Disappointingly, though, those themes are laid out pretty clearly at the beginning of the movie, and Kaufman struggles to find ways to expand on them over the next 90 minutes. As Noonan’s voice emerges from a range of characters while downtrodden middle-aged customer-service expert Michael Stone (voiced by David Thewlis) travels to a business conference, it becomes obvious that Michael feels alone and disconnected from everyone around him, including his wife and young son. And when Michael finally hears a different voice (that of Jennifer Jason Leigh) coming from fellow hotel guest Lisa, it’s obvious that he’ll latch onto her as the one beacon of hope in his otherwise miserable world.

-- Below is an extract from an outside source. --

(* In the linear mixture MDP setting with Algorithm 1 as described in the context, with probability at least $1-\delta$, $\tilde V_h^*(s,R_k)\le V_{k,h}(s)$ holds for all $s\in\mathcal{S}$, $h\in[H]$ and $k\in[K]$, where $R_k=\{R_{k,h}\}_h$ is the exploration-driven reward of episode $k$.
   Context: Episodic MDP with state set $\mathcal{S}$, action set $\mathcal{A}$, horizon $H$, transitions $P_h(\cdot|s,a)$, fixed initial state $s_1$. For a nonnegative reward $R=\{R_h\}$ define $\tilde V^*_{H+1}(\cdot,R)=0$ and $\tilde V^*_h(s,R)=\max_{a}\min\{R_h(s,a)+\sum_{s'}P_h(s'|s,a)\tilde V^*_{h+1}(s',R),H\}$. Linear mixture MDP: known $\phi:\mathcal{S}\times\mathcal{A}\times\mathcal{S}\to\mathbb{R}^d$ with $\|\sum_{s'}\phi(s,a,s')V(s')\|_2\le1$ for all $V:\mathcal{S}\to[0,1]$, and unknown $\theta_h$, $\|\theta_h\|_2\le B$, with $P_h(s'|s,a)=\theta_h^\top\phi(s,a,s')$. $\|x\|_M=\sqrt{x^\top Mx}$. Algorithm 1 (run for $K$ episodes, with failure probability $\delta$): $\lambda=B^{-2}$, $\beta=H\sqrt{d\log(4H^3K\lambda^{-1}\delta^{-1})}+\sqrt\lambda B$, $\mathcal{V}=\{V:\mathcal{S}\to[0,H]\}$. For $k=1,\dots,K$: $V_{k,H+1}\equiv0$; for $h=H,\dots,1$: $\Lambda_{k,h}=\sum_{t<k}\phi_{t,h}(s_{t,h},a_{t,h})\phi_{t,h}(s_{t,h},a_{t,h})^\top+\lambda I$; $\hat\theta_{k,h}=\Lambda_{k,h}^{-1}\sum_{t<k}\phi_{t,h}(s_{t,h},a_{t,h})\tilde V_{t,h+1,s_{t,h},a_{t,h}}(s_{t,h+1})$; $\tilde V_{k,h+1,s,a}\in\arg\max_{V\in\mathcal{V}}\|\sum_{s'}\phi(s,a,s')V(s')\|_{\Lambda_{k,h}^{-1}}$; $\phi_{k,h}(s,a)=\sum_{s'}\phi(s,a,s')\tilde V_{k,h+1,s,a}(s')$; $u_{k,h}(s,a)=\beta\|\phi_{k,h}(s,a)\|_{\Lambda_{k,h}^{-1}}$; $R_{k,h}=u_{k,h}$; $Q_{k,h}(s,a)=\min\{\hat\theta_{k,h}^\top\sum_{s'}\phi(s,a,s')V_{k,h+1}(s')+R_{k,h}(s,a)+u_{k,h}(s,a),H\}$; $V_{k,h}(s)=\max_aQ_{k,h}(s,a)$, $\pi_{k,h}(s)\in\arg\max_aQ_{k,h}(s,a)$. Then $\pi_k$ is executed from $s_1$, producing $s_{k,h+1}\sim P_h(\cdot|s_{k,h},a_{k,h})$, $a_{k,h}=\pi_{k,h}(s_{k,h})$. *)

theory Defs
  imports "HOL-Analysis.Analysis" "HOL-Probability.Probability"
begin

Michael and Lisa are both miserable in dull, commonplace ways, which means they have reasonably comfortable lives that are lacking in spark or passion. Kaufman and Johnson focus on the tedium of basic tasks (opening a door, walking into a room, making a phone call), which the painstakingly realistic animation makes even more apparent, and the movie lulls itself into a similar tedium. In his best work as a screenwriter (Being John Malkovich, Eternal Sunshine of the Spotless Mind), Kaufman has used fantastical conceits to heighten the power of familiar emotions, but Anomalisa seems to have the opposite goal: It removes anything fantastical or even enjoyable from the emotions that people feel for each other, replacing them with repetitive numbness. Instead of finding the sublime in the mundane, Anomalisa turns out to just be mundane.